David owned a property in Birmingham and still had a job there, but he suffered his accident while driving from Montgomery — where he did in fact reside with his husband Paul Hard — to his workplace. There simply isn’t another explanation for why he would have been driving north on that stretch of highway. By having her name on this brief, Pat Fancher is aiding and abetting a misleading revision of her son’s life and death. Would Pat Fancher smear her dead son to defy marriage equality? Better yet, would she besmirch David’s memory in order to get her hands on that six-figure wrongful death judgment? The evidence so far says yes. If Pat Fancher isn’t as famous as Rowan County, Kentucky Clerk Kim Davis, she is potentially even more significant as a sign of things to come. Just think: Roy Moore, Matthew Kidd, and the Foundation for Moral Law are filing briefs all the time, all over the country, to ‘help’ people like Pat Fancher kill marriage equality by a thousand vindictive cuts. Roy Moore, who once got turned out of his office for erecting a graven image of the Ten Commandments in the supreme court rotunda, doesn’t mind Kidd and Fancher breaking his god’s law about lies in order to undertake their holy mission. His angry, gay-hating god has already forgiven their sins in advance, after all. See how that works?

BU will also post the SPLC response to this brief as soon as it becomes available.

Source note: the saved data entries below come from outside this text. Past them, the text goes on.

text \<open>With D_- = min(D, a) and D_+ = D - D_-, the quantity below is n (D_- - c)(a - D_-):
  the two sides differ by (a - D_-)(d - n D_-), and one of these factors always vanishes.\<close>
lemma min_split_identity:
  fixes n d a c :: real
  assumes n: "n > 0"
  shows "n * (min (d/n) a - c) * (a - min (d/n) a)
       = (c + a) * d - c * a * n - c * n * (d/n - min (d/n) a) - d * min (d/n) a"
proof (cases "d/n \<le> a")
  case True
  hence "d = n * min (d/n) a" using n by simp
  thus ?thesis using n by (simp add: algebra_simps)
next
  case False
  hence "min (d/n) a = a" by simp
  thus ?thesis using n by (simp add: algebra_simps)
qed

text \<open>Since p + 1 = \<lceil>1/\<beta>\<rceil> \<ge> 1/\<beta>, we have (p + 1)\<beta> \<ge> 1, i.e. 1 - t\<beta> \<le> (p - t + 1)\<beta>.\<close>
lemma pval_bound:
  assumes "0 < \<beta>" "\<beta> < 1"
  shows "1 \<le> (real (pval \<beta>) + 1) * \<beta>"
proof -
  have "\<lceil>1 / \<beta>\<rceil> \<ge> 1" using assms by simp
  hence "real (pval \<beta>) + 1 = real_of_int \<lceil>1 / \<beta>\<rceil>" unfolding pval_def by simp
  hence "real (pval \<beta>) + 1 \<ge> 1 / \<beta>" by linarith
  thus ?thesis using assms by (simp add: field_simps)
qed

lemma sum_slack_expand:
  fixes t :: nat and \<beta> :: real
  assumes fV: "finite V" and V: "V \<noteq> {}"
  defines "c \<equiv> 1 - real t * \<beta>" and "a \<equiv> (real (pval \<beta>) - real t + 1) * \<beta>"
  shows "real (card V) * (\<Sum>T\<in>cliques V E t. (Dminus V E \<beta> T - c) * (a - Dminus V E \<beta> T))
       = (c + a) * ((real t + 1) * real (kcount V E (t+1)))
         - c * a * real (card V) * real (kcount V E t)
         - c * real (card V) * (\<Sum>T\<in>cliques V E t. Dplus V E \<beta> T)
         - (\<Sum>T\<in>cliques V E t. real (cdeg V E T) * Dminus V E \<beta> T)"
proof -
  define n where "n = real (card V)"
  have n: "n > 0" using fV V unfolding n_def by (simp add: card_gt_0_iff)
  have pointwise: "n * ((Dminus V E \<beta> T - c) * (a - Dminus V E \<beta> T))
      = (c + a) * real (cdeg V E T) - c * a * n - c * n * Dplus V E \<beta> T
        - real (cdeg V E T) * Dminus V E \<beta> T" if "T \<in> cliques V E t" for T
  proof -
    have "Dminus V E \<beta> T = min (real (cdeg V E T) / n) a"
      using that unfolding Dminus_def Dn_def a_def n_def cliques_def by simp
    moreover have "Dplus V E \<beta> T = real (cdeg V E T) / n - Dminus V E \<beta> T"
      unfolding Dplus_def Dn_def n_def ..
    ultimately show ?thesis using min_split_identity[OF n] by (simp add: mult.assoc)
  qed
  have "n * (\<Sum>T\<in>cliques V E t. (Dminus V E \<beta> T - c) * (a - Dminus V E \<beta> T))
      = (\<Sum>T\<in>cliques V E t. (c + a) * real (cdeg V E T) - c * a * n - c * n * Dplus V E \<beta> T
          - real (cdeg V E T) * Dminus V E \<beta> T)"
    unfolding sum_distrib_left by (rule sum.cong) (simp_all add: pointwise)
  also have "\<dots> = (c + a) * (\<Sum>T\<in>cliques V E t. real (cdeg V E T))
      - c * a * n * real (kcount V E t) - c * n * (\<Sum>T\<in>cliques V E t. Dplus V E \<beta> T)
      - (\<Sum>T\<in>cliques V E t. real (cdeg V E T) * Dminus V E \<beta> T)"
    by (simp add: sum_subtractf sum_distrib_left kcount_def)
  finally show ?thesis using sum_cdeg[OF fV, where E=E and m=t] unfolding n_def by simp
qed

Courtesy of Equality Case Files

2 thoughts on “Would Pat Fancher Smear Her Dead Son To Defy Marriage Equality?”
  1. That is a fairly gaseous legal brief. It will be interesting to see how the Eleventh Circuit treats Matthew Kidd’s arguments (I’m guessing not favorably, but that’s just a guess).

    And Pat Fancher is, as I believe I’ve said before, a real piece of work.

    –alopecia

  2. I feel this isn’t only about gay marriage, but also about money. There’s a wrongful death suit payoff out there, and Momma wants to put it in her pockets, not her son-in-law’s.